We will introduce some concepts about data storage before describing in detail.

Segment

Segment is the basic storage unit of an object. An object payload is composed of one or many segments in sequence. The segment size is globally configured on the Greenfield blockchain. The default segment size is 16MB. For larger objects, the payload data will be broken into many segments. If the object's size is less than 16MB, it has only one segment and the segment size is the same as the object's size.

Please note the payload data of an object will be split into the same size segment but the last segment, which is the actual size. For example, if one object has a size 50MB, only the size of the last segment is 2 MB and the other segments' sizes are all 16MB.

EC Chunk

Erasure Code (EC) is introduced to get efficient data redundancy on Greenfield. A segment is the boundary to perform erasure encoding. Some EC chunks are generated by erasure encoding one segment at a time. EC strategy is globally configured on the Greenfield blockchain.
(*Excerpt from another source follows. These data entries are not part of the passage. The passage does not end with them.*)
(* Let $l\in\mathbb{N}$ and for each $i\in\{1,\dots,l\}$ let $S_i$ be a countable adequate commutative partial semigroup and let $\langle y_{i,n}\rangle_{n=1}^{\infty}$ be an adequate sequence in $S_i$. Let $C$ be an $IP^{\star}$ set in $T=S_1\times\cdots\times S_l$ and let $m\in\mathbb{N}$. Then for each $i\in\{1,\dots,l\}$ there is a weak product subsystem $\langle x_{i,n}\rangle_{n=1}^{m}$ of $\langle y_{i,n}\rangle_{n=1}^{\infty}$ such that \[ FS(\langle x_{1,n}\rangle_{n=1}^{m})\times\cdots\times FS(\langle x_{l,n}\rangle_{n=1}^{m})\subseteq C . \]
   Context: A partial semigroup $(S,+)$ is a set with a map $+$ from a subset of $S\times S$ to $S$ such that $(a+b)+c=a+(b+c)$ whenever either side is defined (then both are defined and equal); it is commutative if $a+b$ is defined iff $b+a$ is, and then they are equal. For $s\in S$, $\varphi(s)=\{t: s+t\text{ defined}\}$; for finite nonempty $H\subseteq S$, $\sigma(H)=\bigcap_{s\in H}\varphi(s)$; $S$ is adequate if all $\sigma(H)\ne\emptyset$. On $T=S_1\times\cdots\times S_l$, $\bar a+\bar b$ is defined iff $a_i+b_i$ is defined for every $i$, and then equals $(a_1+b_1,\dots,a_l+b_l)$. For a partial semigroup $S$: $\beta S$ is the space of ultrafilters on $S$; $\delta S=\{p\in\beta S:\varphi(x)\in p \text{ for all } x\in S\}$; for $p,q\in\delta S$, $A\in p+q$ iff $\{x\in S: -x+A\in q\}\in p$, where $-x+A=\{y\in\varphi(x): x+y\in A\}$; this makes $\delta S$ a semigroup. A set $C\subseteq S$ is $IP^{\star}$ if $C\in p$ for every idempotent $p=p+p$ in $\delta S$. A sequence $\langle y_n\rangle_{n=1}^\infty$ is adequate if all finite sums $\sum_{n\in F}y_n$ are defined and for every finite nonempty $H\subseteq S$ there is $m$ with all sums $\sum_{n\in F}y_n$, $F\subseteq\{m,m+1,\dots\}$ finite nonempty, lying in $\sigma(H)$. $\langle x_n\rangle_{n=1}^{m}$ is a weak product subsystem of $\langle y_n\rangle_{n=1}^{\infty}$ if there are pairwise disjoint finite nonempty $H_1,\dots,H_m\subseteq\mathbb{N}$ with $x_n=\sum_{t\in H_n}y_t$ for each $n$. $FS(\langle x_n\rangle_{n=1}^{m})=\{\sum_{n\in F}x_n: \emptyset\ne F\subseteq\{1,\dots,m\}\}$. *)

theory Defs
  imports Main "HOL-Library.FuncSet" "HOL-Library.Countable_Set"
begin

definition partial_semigroup :: "'a set \<Rightarrow> ('a \<Rightarrow> 'a \<Rightarrow> 'a option) \<Rightarrow> bool" where
  "partial_semigroup S add \<longleftrightarrow>
     (\<forall>a\<in>S. \<forall>b\<in>S. \<forall>c. add a b = Some c \<longrightarrow> c \<in> S) \<and>
     (\<forall>a\<in>S. \<forall>b\<in>S. \<forall>c\<in>S.
        Option.bind (add a b) (\<lambda>d. add d c) = Option.bind (add b c) (\<lambda>e. add a e))"

definition comm_partial_semigroup :: "'a set \<Rightarrow> ('a \<Rightarrow> 'a \<Rightarrow> 'a option) \<Rightarrow> bool" where
  "comm_partial_semigroup S add \<longleftrightarrow>
     partial_semigroup S add \<and> (\<forall>a\<in>S. \<forall>b\<in>S. add a b = add b a)"

definition phi :: "'a set \<Rightarrow> ('a \<Rightarrow> 'a \<Rightarrow> 'a option) \<Rightarrow> 'a \<Rightarrow> 'a set" where
  "phi S add s = {t \<in> S. add s t \<noteq> None}"
lemma poly_eqI_finite_field:
  fixes p r :: "'a::{finite,field} poly"
  assumes "degree p \<le> card (UNIV :: 'a set)" and "degree r \<le> card (UNIV :: 'a set)"
    and "coeff p (card (UNIV :: 'a set)) = coeff r (card (UNIV :: 'a set))"
    and "\<And>c. poly p c = poly r c"
  shows "p = r"
  using assms by (intro poly_eqI_degree_lead_coeff[where n = "card (UNIV :: 'a set)" and A = UNIV]) auto

lemma linear_poly_power_card:
  fixes a b :: "'a::{finite,field}"
  shows "[:a, b:] ^ card (UNIV :: 'a set) = [:a:] + smult b ([:0, 1:] ^ card (UNIV :: 'a set))"
proof (rule poly_eqI_finite_field)
  let ?q = "card (UNIV :: 'a set)"
  have q: "?q \<ge> 2"
    by (rule card_UNIV_field_ge_2)
  show "degree ([:a, b:] ^ ?q) \<le> ?q"
    by (rule order.trans[OF degree_power_le]) (cases "b = 0"; simp)
  have "coeff ([:a, b:] ^ ?q) (1 * ?q) = b"
    by (subst coeff_power_degree_le) (simp_all add: power_card_UNIV_eq_self)
  moreover have "coeff [:a:] ?q = 0"
    using q by (simp add: coeff_eq_0)
  ultimately show "coeff ([:a, b:] ^ ?q) ?q = coeff ([:a:] + smult b ([:0, 1:] ^ ?q)) ?q"
    using coeff_linear_power[of "0::'a" ?q] by simp
  show "degree ([:a:] + smult b ([:0, 1:] ^ ?q)) \<le> ?q"
    by (intro degree_add_le) (auto simp: degree_linear_power)
  show "poly ([:a, b:] ^ ?q) c = poly ([:a:] + smult b ([:0, 1:] ^ ?q)) c" for c
    by (simp add: power_card_UNIV_eq_self mult.commute)
qed

lemma X_power_card_minus_X:
  "[:0, 1:] ^ card (UNIV :: 'a set) - [:0, 1:] = (\<Prod>c\<in>UNIV. [:- c, 1 :: 'a::{finite,field}:])"
proof (rule poly_eqI_finite_field)
  let ?q = "card (UNIV :: 'a set)"
  have q: "?q \<ge> 2"
    by (rule card_UNIV_field_ge_2)
  have degree_prod: "degree (\<Prod>c\<in>UNIV. [:- c, 1 :: 'a:]) = ?q"
    by (subst degree_prod_eq_sum_degree) auto
  then show "degree (\<Prod>c\<in>UNIV. [:- c, 1 :: 'a:]) \<le> ?q"
    by simp
  show "degree ([:0, 1:] ^ ?q - [:0, 1 :: 'a:]) \<le> ?q"
    using q by (intro degree_diff_le) (auto simp: degree_linear_power)
  have "coeff (\<Prod>c\<in>UNIV. [:- c, 1 :: 'a:]) ?q = 1"
    using lead_coeff_prod[of "\<lambda>c. [:- c, 1 :: 'a:]" UNIV] by (simp only: degree_prod) simp
  moreover have "coeff ([:0, 1:] ^ ?q - [:0, 1 :: 'a:]) ?q = 1"
    using q coeff_linear_power[of "0::'a" ?q] by (simp add: coeff_eq_0)
  ultimately show "coeff ([:0, 1:] ^ ?q - [:0, 1 :: 'a:]) ?q = coeff (\<Prod>c\<in>UNIV. [:- c, 1 :: 'a:]) ?q"
    by simp
  have "poly (\<Prod>c\<in>UNIV. [:- c, 1 :: 'a:]) z = 0" for z
    by (simp add: poly_prod prod_zero_iff)
  then show "poly ([:0, 1:] ^ ?q - [:0, 1:]) z = poly (\<Prod>c\<in>UNIV. [:- c, 1 :: 'a:]) z" for z
    by (simp add: power_card_UNIV_eq_self)
qed

lemma prime_elem_dvd_mult_cancel:
  fixes p f g :: "'a::idom"
  assumes "prime_elem p" "\<not> p dvd f" "f dvd p * g"
  shows "f dvd g"
proof -
  obtain h where h: "p * g = f * h"
    using assms(3) by (elim dvdE)
  then have "p dvd f * h"
    by (simp flip: h)
  with assms(1,2) have "p dvd h"
    by (simp add: prime_elem_dvd_mult_iff)
  then obtain k where "h = p * k"
    by (elim dvdE)
  with h have "p * g = p * (f * k)"
    by (simp add: ac_simps)
  with assms(1) have "g = f * k"
    by (simp add: prime_elem_def)
  then show ?thesis
    by simp
qed

lemma prime_elem_prod_dvd_mult_cancel:
  fixes p :: "'b \<Rightarrow> 'a::idom"
  assumes "finite S" and "\<And>i. i \<in> S \<Longrightarrow> prime_elem (p i) \<and> \<not> p i dvd f"
    and "f dvd (\<Prod>i\<in>S. p i) * g"
  shows "f dvd g"
  using assms
proof (induction S arbitrary: g rule: finite_induct)
  case (insert j S)
  have "prime_elem (p j)" "\<not> p j dvd f"
    using insert.prems(1)[of j] by simp_all
  moreover have "f dvd p j * ((\<Prod>i\<in>S. p i) * g)"
    using insert.hyps insert.prems(2) by (simp add: mult.assoc)
  ultimately have "f dvd (\<Prod>i\<in>S. p i) * g"
    by (rule prime_elem_dvd_mult_cancel)
  then show ?case
    by (rule insert.IH[rotated]) (use insert.prems(1) in blast)
qed simp

lemma dvd_X_power_card_minus_X_mult_imp_dvd:
  fixes f g :: "'a::{finite,field} poly"
  assumes "\<And>c. poly f c \<noteq> 0"
    and "f dvd ([:0, 1:] ^ card (UNIV :: 'a set) - [:0, 1:]) * g"
  shows "f dvd g"
proof (rule prime_elem_prod_dvd_mult_cancel)
  show "f dvd (\<Prod>c\<in>UNIV. [:- c, 1:]) * g"
    using assms(2) unfolding X_power_card_minus_X .
  show "prime_elem [:- c, 1:] \<and> \<not> [:- c, 1:] dvd f" for c
    using assms(1)[of c] prime_elem_linear_field_poly[of 1 "- c"] by (simp add: poly_eq_0_iff_dvd)
qed simp

definition line_restriction_deriv ::
    "nat \<Rightarrow> 'a::comm_ring_1 mpoly \<Rightarrow> (nat \<Rightarrow> 'a) \<Rightarrow> (nat \<Rightarrow> 'a) \<Rightarrow> (nat \<Rightarrow> 'a) \<Rightarrow> 'a poly" where
  "line_restriction_deriv n F w u v = (\<Sum>i\<le>n. smult (w i) (line_restriction (mpderiv i F) u v))"

lemma euler_line_restriction:
  assumes "in_vars n F" "homogeneous d F"
  shows "line_restriction_deriv n F u u v + [:0, 1:] * line_restriction_deriv n F v u v
           = of_nat d * line_restriction F u v"
proof -
  have "[:u i, v i:] * D = smult (u i) D + [:0, 1:] * smult (v i) D" for i and D :: "'a poly"
    by simp
  then have "line_restriction_deriv n F u u v + [:0, 1:] * line_restriction_deriv n F v u v
      = (\<Sum>i\<le>n. [:u i, v i:] * line_restriction (mpderiv i F) u v)"
    by (simp add: line_restriction_deriv_def sum.distrib sum_distrib_left)
  also have "\<dots> = of_nat d * line_restriction F u v"
    unfolding line_restriction_def by (rule const_poly.euler_identity[OF assms])
  finally show ?thesis .
qed

lemma frobenius_line_restriction:
  fixes F :: "'a::{finite,field} mpoly"
  assumes "frobenius_nonclassical n F"
  shows "line_restriction F u v dvd
           line_restriction_deriv n F u u v + [:0, 1:] ^ card (UNIV :: 'a set) * line_restriction_deriv n F v u v"
proof -
  let ?q = "card (UNIV :: 'a set)"
  obtain H where H: "(\<Sum>i\<le>n. mvar i ^ ?q * mpderiv i F) = F * H"
    using assms unfolding frobenius_nonclassical_def by (elim dvdE)
  have "[:u i, v i:] ^ ?q * D = smult (u i) D + [:0, 1:] ^ ?q * smult (v i) D" for i and D :: "'a poly"
    by (subst linear_poly_power_card) (simp add: distrib_right)
  then have "line_restriction_deriv n F u u v + [:0, 1:] ^ ?q * line_restriction_deriv n F v u v
      = (\<Sum>i\<le>n. [:u i, v i:] ^ ?q * line_restriction (mpderiv i F) u v)"
    by (simp add: line_restriction_deriv_def sum.distrib sum_distrib_left)
  also have "\<dots> = line_restriction (\<Sum>i\<le>n. mvar i ^ ?q * mpderiv i F) u v"
    by (simp add: line_restriction_def const_poly.eval_sum const_poly.eval_mult const_poly.eval_power)
  also have "\<dots> = line_restriction F u v * line_restriction H u v"
    by (simp add: H line_restriction_def const_poly.eval_mult)
  finally show ?thesis
    by simp
qed

lemma frobenius_nonclassical_line_restriction_dvd:
  fixes F :: "'a::{finite,field} mpoly"
  assumes "in_vars n F" "homogeneous d F" "frobenius_nonclassical n F"
  shows "line_restriction F u v dvd
           ([:0, 1:] ^ card (UNIV :: 'a set) - [:0, 1:]) * line_restriction_deriv n F v u v"
proof -
  let ?A = "line_restriction_deriv n F u u v" and ?B = "line_restriction_deriv n F v u v"
  have "([:0, 1:] ^ card (UNIV :: 'a set) - [:0, 1:]) * ?B
      = (?A + [:0, 1:] ^ card (UNIV :: 'a set) * ?B) - of_nat d * line_restriction F u v"
    by (simp flip: euler_line_restriction[OF assms(1,2)] add: algebra_simps)
  then show ?thesis
    using frobenius_line_restriction[OF assms(3)] by simp
qed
The default EC strategy is 4+2, 4 data chunks, and 2 parity chunks for one segment. The data chunk size is ¼ of the segment. As one typical segment is 16M, one typical data chunk of EC is 4M.

Piece

Piece is the basic storage unit for backend storage on Greenfield. Each segment or EC chunk can be regarded as one data piece. And the key for each piece is generated based on the policy on the Greenfield chain.

Primary SP

Each bucket on the Greenfield is bound with one SP, which is called primary SP. And the user needs to select an SP as the primary SP when creating a bucket. For all the objects stored under the bucket, primary SP will store one complete copy, all segments of the objects’ payload data. And only the primary SP serves users’ read or download requests.

Secondary SP

EC chunks of an object payload data are stored on some SPs, which are called secondary SPs. Each secondary SP stores part of payload data, which is used for better data availability. The object payload can be recovered from EC chunks.

Redundancy Strategy

Redundancy strategy defines how an object payload is stored among SPs, which is globally configured on the Greenfield blockchain. Below is the current strategy:

  • The data stream of the file will be split into segments according to the granularity of the segment size. If the size of the data is less than the segment size, it will be split according to the size of the data itself. The default segment size is 16MB;
  • Greenfield uses Reed-Solomon algorithm Reed-Solomon as its EC strategy, the default data blocks are 4, and the default parity blocks are 2 .
  • All the segment pieces of an object are stored on the Primary SP;
  • After EC encoding with the segment, the EC encoding module will generate six EC chunk pieces. All the EC chunk pieces of the segment will be stored to the six chosen secondary SPs.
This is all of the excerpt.